6. Principal Data-Driven Insights and Open Problems
Evaluations on FinAgentBench and its extensions reveal:
- LLMs exhibit strong reporting priors at the document-type selection stage but degrade sharply at fine-grained chunking due to context fragmentation and evidence sparsity (Choi et al., 7 Aug 2025, Ng et al., 18 Nov 2025).
- Domain-specific tuning and structured prompts with explicit reasoning scaffolds yield significant returns, while uninformed extension of in-context learning (ICL) to all retrieval stages can be detrimental (Ng et al., 18 Nov 2025).
- Real-world, multi-modal enterprise workflows expose persistent limitations in layout-awareness, formula interpretation, cross-file reasoning, and multimodal fusion, which current agent architectures struggle to surmount (Dong et al., 15 Dec 2025).
- For security and compliance, traditional safety alignments fail to transfer, with role-playing and authority-impersonation attacks dominating even in tightly sandboxed, auditable environments (Yang et al., 9 Jan 2026).
Open challenges include scaling to full S&P 500 coverage, enriching for temporal and comparative queries, simulating collaborative and adversarial workflows, quantifying scenario severity, and jointly integrating retrieval with answer-generation in “truly agentic” assistants.
7. Implications and Future Directions
FinAgentBench establishes a foundation for research into compositional reasoning, interpretable error analysis, and rigorous, domain-grounded evaluation of LLM agents in financial contexts. Forthcoming releases will extend to the S&P 500, introduce longitudinal analyses across reporting periods, and investigate unified agentic protocols combining retrieval, answer selection, and compliance validation (Choi et al., 7 Aug 2025).

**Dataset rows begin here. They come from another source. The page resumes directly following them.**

lemma poly_mat_X:
  assumes A: "A \<in> carrier_mat n n"
  shows "poly_mat [:0,1:] A = A"
  unfolding poly_mat_pCons[OF A, of 0] poly_mat_const[OF A] using A by (intro eq_matI) auto

lemma poly_mat_linear:
  assumes A: "A \<in> carrier_mat n n"
  shows "poly_mat [:c, 1:] A = c \<cdot>\<^sub>m 1\<^sub>m n + A"
  unfolding poly_mat_pCons[OF A, of c] poly_mat_const[OF A] using A by (intro eq_matI) auto

lemma poly_mat_power:
  assumes A: "A \<in> carrier_mat n n"
  shows "poly_mat (p ^ k) A = poly_mat p A ^\<^sub>m k"
proof (induction k)
  case 0
  have "poly_mat 1 A = 1\<^sub>m n"
    unfolding one_pCons poly_mat_const[OF A] by (intro eq_matI) auto
  then show ?case using A by simp
next
  case (Suc k)
  then show ?case by (simp only: power_Suc2 poly_mat_mult[OF A] pow_mat.simps)
qed

lemma poly_mat_intertwine:
  assumes A: "A \<in> carrier_mat n n" and C: "C \<in> carrier_mat n n" and H: "H \<in> carrier_mat n n"
    and HA: "H * A = C * H"
  shows "H * poly_mat p A = poly_mat p C * H"
proof (induction p rule: pCons_induct)
  case 0
  then show ?case using A C H by simp
next
  case (pCons a p)
  have PA: "poly_mat p A \<in> carrier_mat n n" and PC: "poly_mat p C \<in> carrier_mat n n" using A C by auto
  have "H * (a \<cdot>\<^sub>m 1\<^sub>m n + A * poly_mat p A) = H * (a \<cdot>\<^sub>m 1\<^sub>m n) + H * (A * poly_mat p A)"
    using A PA by (intro mult_add_distrib_mat[OF H]) auto
  also have "\<dots> = a \<cdot>\<^sub>m H + (H * A) * poly_mat p A"
    unfolding mult_smult_distrib[OF H one_carrier_mat] right_mult_one_mat[OF H] assoc_mult_mat[OF H A PA] ..
  also have "\<dots> = a \<cdot>\<^sub>m H + C * (H * poly_mat p A)"
    unfolding HA using A C H PA by (simp add: assoc_mult_mat[of C n n H n _ n])
  also have "\<dots> = (a \<cdot>\<^sub>m 1\<^sub>m n) * H + (C * poly_mat p C) * H"
    unfolding pCons(2) mult_smult_assoc_mat[OF one_carrier_mat H] left_mult_one_mat[OF H]
      assoc_mult_mat[OF C PC H] ..
  also have "\<dots> = (a \<cdot>\<^sub>m 1\<^sub>m n + C * poly_mat p C) * H"
    using C PC by (intro add_mult_distrib_mat[symmetric, OF _ _ H]) auto
  finally show ?case unfolding poly_mat_pCons[OF A] poly_mat_pCons[OF C] .
qed
(* Let $p$ be a prime, let $l,n\in\mathbb{N}$, $r,s,t\in\mathbb{Z}$ with $0\leqslant s,t<p$. Then for every integer $\alpha\geqslant 2$, $$\frac1{\lfloor n/p^{\alpha-1}\rfloor!}\sum_{k\equiv r\ (\mathrm{mod}\ p^{\alpha})}\binom{pn+s}{pk+t}(-1)^{pk}\Big(\frac{k-r}{p^{\alpha-1}}\Big)^l\equiv\frac1{\lfloor n/p^{\alpha-1}\rfloor!}\sum_{k\equiv r\ (\mathrm{mod}\ p^{\alpha})}\binom nk\binom st(-1)^k\Big(\frac{k-r}{p^{\alpha-1}}\Big)^l\pmod p.$$
   Context: Sums run over all integers $k$ in the indicated residue class; $\binom{N}{j}=0$ unless $0\le j\le N$. For rationals $u,v$, $u\equiv v\pmod p$ means $\operatorname{ord}_p(u-v)\ge 1$, where $\operatorname{ord}_p$ is the $p$-adic order. *)

theory Defs
  imports "HOL-Number_Theory.Number_Theory"
begin

definition ibinom :: "int \<Rightarrow> int \<Rightarrow> int" where
  "ibinom N j = (if 0 \<le> j \<and> j \<le> N then int (nat N choose nat j) else 0)"

text \<open>Sum of a finitely supported function over all integers k in the residue class r mod m
  (i.e. over the support of f inside the class).\<close>
definition class_sum :: "(int \<Rightarrow> rat) \<Rightarrow> int \<Rightarrow> int \<Rightarrow> rat" where
  "class_sum f r m = sum f {k. [k = r] (mod m) \<and> f k \<noteq> 0}"

text \<open>Congruence of rationals mod p: ord_p(u - v) >= 1, i.e. p divides the numerator
  of u - v in lowest terms (u = v counts, ord_p 0 = infinity).\<close>
definition qcong :: "rat \<Rightarrow> rat \<Rightarrow> int \<Rightarrow> bool" where
  "qcong u v p = (p dvd fst (quotient_of (u - v)))"

end

theory Submission
  imports Defs "HOL-Computational_Algebra.Polynomial"
begin

(* Put r' = p r + t and let L be the linear functional on \<rat>[x] sending x^K to
   ((K - r') / p^\<alpha>)^l if K \<equiv> r' (mod p^(\<alpha>+1)) and to 0 otherwise. Up to the common sign
   (-1)^t, the two class sums are L((1-x)^(pn+s)) and L((1-x)^s (1-x^p)^n).

   Let z = x^(p^(\<alpha>+1)) - 1 and let A be the \<int>_(p)[x]-span of the divided powers
   z^i / (p^i i!). L is p-integral on A: L(x^d z^i) is p^l times an i-th finite difference of
   a polynomial of degree l, hence divisible by p^l i! and zero for i > l.
   In the ideal J of A generated by p, u = x^(p^\<alpha>) - 1 and the z^i / (p^i i!) with i \<ge> 1 every
   p-th power lies in pJ, so w^N \<in> p^(v_p(N!)) A for w \<in> J. Since
   (1-x^p)^(p^(\<alpha>-1)) \<in> J, a binomial expansion gives, for N = \<lfloor>n/p^(\<alpha>-1)\<rfloor>,
     (1-x)^(pn+s) \<equiv> (1-x)^s (1-x^p)^n  (mod p^(v_p(N!)+1) A),
   and applying L and dividing by N! yields the congruence. *)

section \<open>p-integral rationals\<close>

definition p_integral :: "nat \<Rightarrow> rat \<Rightarrow> bool" where
  "p_integral p x \<longleftrightarrow> (\<exists>a b. b \<noteq> 0 \<and> \<not> int p dvd b \<and> x = of_int a / of_int b)"

lemma p_integral_of_int [simp]: "prime p \<Longrightarrow> p_integral p (of_int k)"
  unfolding p_integral_def
  by (rule exI[of _ k], rule exI[of _ 1]) (auto simp: prime_gt_1_nat)

lemma p_integral_of_nat [simp]: "prime p \<Longrightarrow> p_integral p (of_nat k)"
  using p_integral_of_int[of p "int k"] by simp

lemma p_integral_0 [simp]: "prime p \<Longrightarrow> p_integral p 0"
  and p_integral_1 [simp]: "prime p \<Longrightarrow> p_integral p 1"
  using p_integral_of_int[of p 0] p_integral_of_int[of p 1] by simp_all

Key recommendations for future systems include explicit modeling of domain policies, introduction of tool-augmented actions (e.g., for formula computation and chart parsing), robust prompt isolation for safety, and granular measurement of cost and fidelity in high-stakes financial workflows. These directions aim to bridge persistent capability gaps in evidence-centered reasoning, agentic orchestration, and operational security in applied financial AI.